Lines with "dots": please show every one of them from the listing below.

(Data for the task begins)

lemma geodesic_seg_reverse:
  assumes "geodesic_seg g x y"
  shows "geodesic_seg (\<lambda>s. g (dist x y - s)) y x"
    and "geod_image (\<lambda>s. g (dist x y - s)) y x = geod_image g x y"
proof -
  show "geodesic_seg (\<lambda>s. g (dist x y - s)) y x"
    using assms unfolding geodesic_seg_def by (auto simp: dist_commute)
  have "(\<lambda>s. dist x y - s) ` {0..dist x y} = {0..dist x y}"
    by (auto intro!: image_eqI[where x = "dist x y - s" for s])
  then show "geod_image (\<lambda>s. g (dist x y - s)) y x = geod_image g x y"
    unfolding geod_image_def by (metis (no_types) dist_commute image_image)
qed

lemma geodesic_seg_affine_lipschitz:
  assumes "geodesic_seg g x y" and "\<And>t. t \<in> {a..b} \<Longrightarrow> s\<^sub>0 + k * t \<in> {0..dist x y}"
  shows "\<bar>k\<bar>-lipschitz_on {a..b} (\<lambda>t. g (s\<^sub>0 + k * t))"
proof (rule lipschitz_onI)
  fix s t assume "s \<in> {a..b}" "t \<in> {a..b}"
  then have "dist (g (s\<^sub>0 + k * s)) (g (s\<^sub>0 + k * t)) = \<bar>k * s - k * t\<bar>"
    using geodesic_seg_dist[OF assms(1)] assms(2) by simp
  then show "dist (g (s\<^sub>0 + k * s)) (g (s\<^sub>0 + k * t)) \<le> \<bar>k\<bar> * dist s t"
    by (simp add: dist_real_def abs_mult right_diff_distrib[symmetric])
qed simp

lemma path_len_le_lipschitz:
  assumes "L-lipschitz_on {0..1} f"
  shows "path_len f \<le> ereal L"
  unfolding path_len_def
proof (rule SUP_least, clarify)
  fix n :: nat and t :: "nat \<Rightarrow> real"
  assume t0: "t 0 = 0" and tn: "t n = 1" and mono: "\<forall>i<n. t i \<le> t (Suc i)"
  have t_mono: "t i \<le> t j" if "i \<le> j" "j \<le> n" for i j
    using that by (induction j rule: dec_induct) (auto intro: order_trans simp: mono)
  have "(\<Sum>i<n. dist (f (t i)) (f (t (Suc i)))) \<le> (\<Sum>i<n. L * (t (Suc i) - t i))"
  proof (rule sum_mono)
    fix i assume "i \<in> {..<n}"
    then have "t i \<in> {0..1}" "t (Suc i) \<in> {0..1}" "t i \<le> t (Suc i)"
      using t_mono[of 0 i] t_mono[of i n] t_mono[of 0 "Suc i"] t_mono[of "Suc i" n] t0 tn mono
      by auto
    then show "dist (f (t i)) (f (t (Suc i))) \<le> L * (t (Suc i) - t i)"
      using lipschitz_onD[OF assms, of "t i" "t (Suc i)"] by (simp add: dist_real_def)
  qed
  also have "\<dots> = L * (t n - t 0)"
    by (simp add: sum_distrib_left[symmetric] sum_lessThan_telescope)
  finally show "ereal (\<Sum>i<n. dist (f (t i)) (f (t (Suc i)))) \<le> ereal L"
    using t0 tn by simp
qed

lemma dS_le_lipschitz_path:
  fixes f :: "real \<Rightarrow> 'a::metric_space"
  assumes "L-lipschitz_on {0..1} f" "f 0 = x" "f 1 = y"
    and "\<And>t. t \<in> {0..1} \<Longrightarrow> R \<le> dist p (f t)"
  shows "dS R p x y \<le> ereal L"
proof -
  have "dS R p x y \<le> path_len f"
    unfolding dS_def
    using assms lipschitz_on_continuous_on[OF assms(1)]
    by (intro INF_lower) (force simp: not_less)
  also have "\<dots> \<le> ereal L"
    using path_len_le_lipschitz[OF assms(1)] .
  finally show ?thesis .
qed

lemma geodesic_seg_short_avoids_ball:
  assumes "geodesic_seg \<sigma> u v" "dist u v \<le> 2 * e" "R + e \<le> dist p u" "R + e \<le> dist p v"
    and "s \<in> {0..dist u v}"
  shows "R \<le> dist p (\<sigma> s)"
  using dist_triangle[of p u "\<sigma> s"] dist_triangle[of p v "\<sigma> s"] assms
    geodesic_seg_dist_start[OF assms(1,5)] geodesic_seg_dist_end[OF assms(1,5)]
  by (simp add: dist_commute)

text \<open>The path goes out along \<open>\<alpha>\<close> from radius \<open>R\<close> to \<open>R + \<delta>\<close>, crosses over
  by a geodesic of length at most \<open>2 * \<delta>\<close>, and comes back along \<open>\<gamma>\<close>; parametrising the
  three pieces over \<open>[0, 1/4]\<close>, \<open>[1/4, 3/4]\<close>, \<open>[3/4, 1]\<close> makes it \<open>4 * \<delta>\<close>-Lipschitz.\<close>

lemma dS_le_if_geodesics_close:
  fixes p y z :: "'a::metric_space"
  assumes geo: "geodesic_space TYPE('a)"
    and ga: "geodesic_seg \<alpha> p y" and gc: "geodesic_seg \<gamma> p z"
    and y_far: "R + \<delta> \<le> dist p y" and z_far: "R + \<delta> \<le> dist p z" and "0 \<le> R" "0 \<le> \<delta>"
    and close: "dist (\<alpha> (R + \<delta>)) (\<gamma> (R + \<delta>)) \<le> 2 * \<delta>"
  shows "dS R p (\<alpha> R) (\<gamma> R) \<le> ereal (4 * \<delta>)"
proof -
  define u v where "u = \<alpha> (R + \<delta>)" and "v = \<gamma> (R + \<delta>)"
  define l where "l = dist u v"
  obtain \<sigma> where gs: "geodesic_seg \<sigma> u v"
    using geo unfolding geodesic_space_def by blast
  define A where "A t = \<alpha> (R + (4 * \<delta>) * t)" for t
  define M where "M t = \<sigma> (- l / 2 + (2 * l) * t)" for t
  define B where "B t = \<gamma> ((R + 4 * \<delta>) + (- 4 * \<delta>) * t)" for t
  define f where "f t = (if t \<le> 1/4 then A t else if t \<le> 3/4 then M t else B t)" for t
  have l: "0 \<le> l" "l \<le> 2 * \<delta>"
    using close by (simp_all add: l_def u_def v_def)
  have A_param: "R + 4 * \<delta> * t \<in> {R..R + \<delta>}" if "t \<in> {0..1/4}" for t
    using that mult_left_mono[of t "1/4" "4 * \<delta>"] \<open>0 \<le> \<delta>\<close> by auto
  have M_param: "- l / 2 + 2 * l * t \<in> {0..l}" if "t \<in> {1/4..3/4}" for t
    using that mult_left_mono[of "1/4" t "2 * l"] mult_left_mono[of t "3/4" "2 * l"] l by auto
  have B_param: "R + 4 * \<delta> + - 4 * \<delta> * t \<in> {R..R + \<delta>}" if "t \<in> {3/4..1}" for t
    using that mult_left_mono[of "3/4" t "4 * \<delta>"] mult_left_mono[of t 1 "4 * \<delta>"] \<open>0 \<le> \<delta>\<close> by auto
  have A_range: "R + 4 * \<delta> * t \<in> {0..dist p y}" if "t \<in> {0..1/4}" for t
    using A_param[OF that] y_far \<open>0 \<le> R\<close> by auto
  have B_range: "R + 4 * \<delta> + - 4 * \<delta> * t \<in> {0..dist p z}" if "t \<in> {3/4..1}" for t
    using B_param[OF that] z_far \<open>0 \<le> R\<close> by auto
  have A_lip: "(4 * \<delta>)-lipschitz_on {0..1/4} A"
    using geodesic_seg_affine_lipschitz[OF ga A_range] \<open>0 \<le> \<delta>\<close> unfolding A_def by simp
  have "\<bar>2 * l\<bar>-lipschitz_on {1/4..3/4} M"
    using geodesic_seg_affine_lipschitz[OF gs M_param[unfolded l_def]] unfolding M_def l_def .
  then have M_lip: "(4 * \<delta>)-lipschitz_on {1/4..3/4} M"
    by (rule lipschitz_on_le) (use l in simp)
  have B_lip: "(4 * \<delta>)-lipschitz_on {3/4..1} B"
    using geodesic_seg_affine_lipschitz[OF gc B_range] \<open>0 \<le> \<delta>\<close> unfolding B_def by simp
  have "A (1/4) = M (1/4)" "M (3/4) = B (3/4)"
    using gs by (simp_all add: A_def M_def B_def geodesic_seg_def u_def v_def l_def add.commute)
  then have f_lip: "(4 * \<delta>)-lipschitz_on {0..1} f"
    using lipschitz_on_concat[OF A_lip lipschitz_on_concat[OF M_lip B_lip]] unfolding f_def
    by simp
  have "R \<le> dist p (f t)" if "t \<in> {0..1}" for t
  proof -
    have "R \<le> dist p (A t)" if "t \<in> {0..1/4}"
      using geodesic_seg_dist_start[OF ga A_range[OF that]] A_param[OF that] unfolding A_def by simp
    moreover have "R \<le> dist p (M t)" if "t \<in> {1/4..3/4}"
    proof -
      have "dist p u = R + \<delta>" "dist p v = R + \<delta>"
        using geodesic_seg_dist_start[OF ga, of "R + \<delta>"] geodesic_seg_dist_start[OF gc, of "R + \<delta>"]
          y_far z_far \<open>0 \<le> R\<close> \<open>0 \<le> \<delta>\<close> unfolding u_def v_def by auto
      then show ?thesis
        using geodesic_seg_short_avoids_ball[OF gs _ _ _ M_param[OF that, unfolded l_def]] l
        unfolding M_def l_def by simp
    qed
    moreover have "R \<le> dist p (B t)" if "t \<in> {3/4..1}"
      using geodesic_seg_dist_start[OF gc B_range[OF that]] B_param[OF that] unfolding B_def by simp
    ultimately show ?thesis
      using that unfolding f_def by auto
  qed
  moreover have "f 0 = \<alpha> R" "f 1 = \<gamma> R"
    by (simp_all add: f_def A_def B_def)
  ultimately show ?thesis
    using dS_le_lipschitz_path[OF f_lip] by blast
qed

lemma hyperbolic_side_subset_cnbhd:
  fixes p y z :: "'a::metric_space"
  assumes "hyperbolic \<delta> TYPE('a)"
    and "geodesic_seg \<alpha> p y" "geodesic_seg \<beta> y z" "geodesic_seg \<gamma> p z"
  shows "geod_image \<alpha> p y \<subseteq> cnbhd \<delta> (geod_image \<beta> y z \<union> geod_image \<gamma> p z)"
  using assms(1)[unfolded hyperbolic_def, rule_format, OF conjI[OF assms(2) conjI[OF assms(3)
        geodesic_seg_reverse(1)[OF assms(4)]]]]
  by (simp add: geodesic_seg_reverse(2)[OF assms(4)])

text \<open>The point of \<open>[p, y]\<close> at distance \<open>R + \<delta>\<close> from \<open>p\<close> is \<open>\<delta>\<close>-close either to
  \<open>[p, z]\<close>, and then to the point of \<open>[p, z]\<close> at the same distance from \<open>p\<close>, or to
  \<open>[y, z]\<close>, which then passes within \<open>R + 2 * \<delta>\<close> of \<open>p\<close>.\<close>

lemma geodesics_close_or_gromov_product_le:
  fixes p y z :: "'a::metric_space"
  assumes geo: "geodesic_space TYPE('a)" and hyp: "hyperbolic \<delta> TYPE('a)"
    and ga: "geodesic_seg \<alpha> p y" and gc: "geodesic_seg \<gamma> p z"
    and "R + \<delta> \<le> dist p y" "R + \<delta> \<le> dist p z" "0 \<le> R" "0 \<le> \<delta>"
  shows "dist (\<alpha> (R + \<delta>)) (\<gamma> (R + \<delta>)) \<le> 2 * \<delta>
    \<or> dist p y + dist p z \<le> dist y z + 2 * R + 4 * \<delta>"
proof -
  obtain \<beta> where gb: "geodesic_seg \<beta> y z"
    using geo unfolding geodesic_space_def by blast
  have "\<alpha> (R + \<delta>) \<in> geod_image \<alpha> p y"
    unfolding geod_image_def using assms by auto
  then obtain w where w: "w \<in> geod_image \<beta> y z \<union> geod_image \<gamma> p z" "dist (\<alpha> (R + \<delta>)) w \<le> \<delta>"
    using hyperbolic_side_subset_cnbhd[OF hyp ga gb gc] unfolding cnbhd_def by blast
  have du: "dist p (\<alpha> (R + \<delta>)) = R + \<delta>"
    using geodesic_seg_dist_start[OF ga, of "R + \<delta>"] assms by simp
  show ?thesis
  proof (cases "w \<in> geod_image \<gamma> p z")
    case True
    then obtain s where s: "s \<in> {0..dist p z}" "w = \<gamma> s"
      unfolding geod_image_def by auto
    have "dist p w = s"
      using geodesic_seg_dist_start[OF gc s(1)] s(2) by simp
    then have "\<bar>s - (R + \<delta>)\<bar> \<le> \<delta>"
      using dist_triangle[of p "\<alpha> (R + \<delta>)" w] dist_triangle[of p w "\<alpha> (R + \<delta>)"] du w(2)
      by (simp add: dist_commute abs_le_iff)
    moreover have "dist w (\<gamma> (R + \<delta>)) = \<bar>s - (R + \<delta>)\<bar>"
      using geodesic_seg_dist[OF gc s(1), of "R + \<delta>"] s(2) assms by simp
    ultimately show ?thesis
      using dist_triangle[of "\<alpha> (R + \<delta>)" "\<gamma> (R + \<delta>)" w] w(2) by simp
  next
    case False
    then obtain s where s: "s \<in> {0..dist y z}" "w = \<beta> s"
      using w(1) unfolding geod_image_def by auto
    have "dist y w = s" "dist w z = dist y z - s"
      using geodesic_seg_dist_start[OF gb s(1)] geodesic_seg_dist_end[OF gb s(1)] s(2) by simp_all
    moreover have "dist p w \<le> R + 2 * \<delta>"
      using dist_triangle[of p w "\<alpha> (R + \<delta>)"] du w(2) by simp
    ultimately show ?thesis
      using dist_triangle[of p y w] dist_triangle[of p z w] by (simp add: dist_commute)
  qed
qed

lemma proj_obtain_geodesic:
  assumes "u \<in> proj R p x" "0 \<le> R"
  obtains \<alpha> where "geodesic_seg \<alpha> p x" "u = \<alpha> R" "R \<le> dist p x"
proof -
  obtain \<alpha> s where ga: "geodesic_seg \<alpha> p x" and s: "s \<in> {0..dist p x}" "u = \<alpha> s"
    and du: "dist u p = R"
    using assms(1) unfolding proj_def Sph_def geod_image_def by auto
  have "s = R"
    using geodesic_seg_dist_start[OF ga s(1)] s(2) du by (simp add: dist_commute)
  then show thesis
    using that ga s by auto
qed

lemma dS_proj_le_or_gromov_product_le:
  fixes p y z :: "'a::metric_space"
  assumes geo: "geodesic_space TYPE('a)" and hyp: "hyperbolic \<delta> TYPE('a)"
    and "0 \<le> R" "0 \<le> \<delta>" and u: "u \<in> proj R p y" and v: "v \<in> proj R p z"
    and y_far: "R + \<delta> \<le> dist p y" and z_far: "R + \<delta> \<le> dist p z"
  shows "dS R p u v \<le> ereal (4 * \<delta>) \<or> dist p y + dist p z \<le> dist y z + 2 * R + 4 * \<delta>"
proof -
  obtain \<alpha> \<gamma> where ga: "geodesic_seg \<alpha> p y" "u = \<alpha> R" and gc: "geodesic_seg \<gamma> p z" "v = \<gamma> R"
    using proj_obtain_geodesic[OF u \<open>0 \<le> R\<close>] proj_obtain_geodesic[OF v \<open>0 \<le> R\<close>] by metis
  then show ?thesis
    using geodesics_close_or_gromov_product_le[OF geo hyp ga(1) gc(1) y_far z_far assms(3,4)]
      dS_le_if_geodesics_close[OF geo ga(1) gc(1) y_far z_far assms(3,4)]
    by auto
qed

lemma projdist_le_if_gromov_product_gt:
  fixes p y z :: "'a::metric_space"
  assumes geo: "geodesic_space TYPE('a)" and hyp: "hyperbolic \<delta> TYPE('a)"
    and "0 \<le> R" "0 \<le> \<delta>"
    and y_far: "R + 2 * \<delta> < dist p y" and z_far: "R + 2 * \<delta> < dist p z"
    and gromov: "dist y z + 2 * R + 4 * \<delta> < dist p y + dist p z"
  shows "projdist R p y z \<le> ereal (4 * \<delta>)"
  unfolding projdist_def
proof (intro SUP_least)
  fix u v assume "u \<in> proj R p y \<union> proj R p z" "v \<in> proj R p y \<union> proj R p z"
  then obtain y' z' where y': "y' \<in> {y, z}" "u \<in> proj R p y'" and z': "z' \<in> {y, z}" "v \<in> proj R p z'"
    by blast
  have "R + 2 * \<delta> < dist p y'" "R + 2 * \<delta> < dist p z'"
    using y' z' y_far z_far by auto
  moreover have "dist y' z' + 2 * R + 4 * \<delta> < dist p y' + dist p z'"
    using y' z' gromov calculation by (auto simp: dist_commute)
  ultimately show "dS R p u v \<le> ereal (4 * \<delta>)"
    using dS_proj_le_or_gromov_product_le[OF geo hyp assms(3,4) y'(2) z'(2)] assms(4) by fastforce
qed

(Data for the task ends)

Answer to the exercise
  also have "\<dots> = L * (t n - t 0)"
  also have "\<dots> \<le> ereal L"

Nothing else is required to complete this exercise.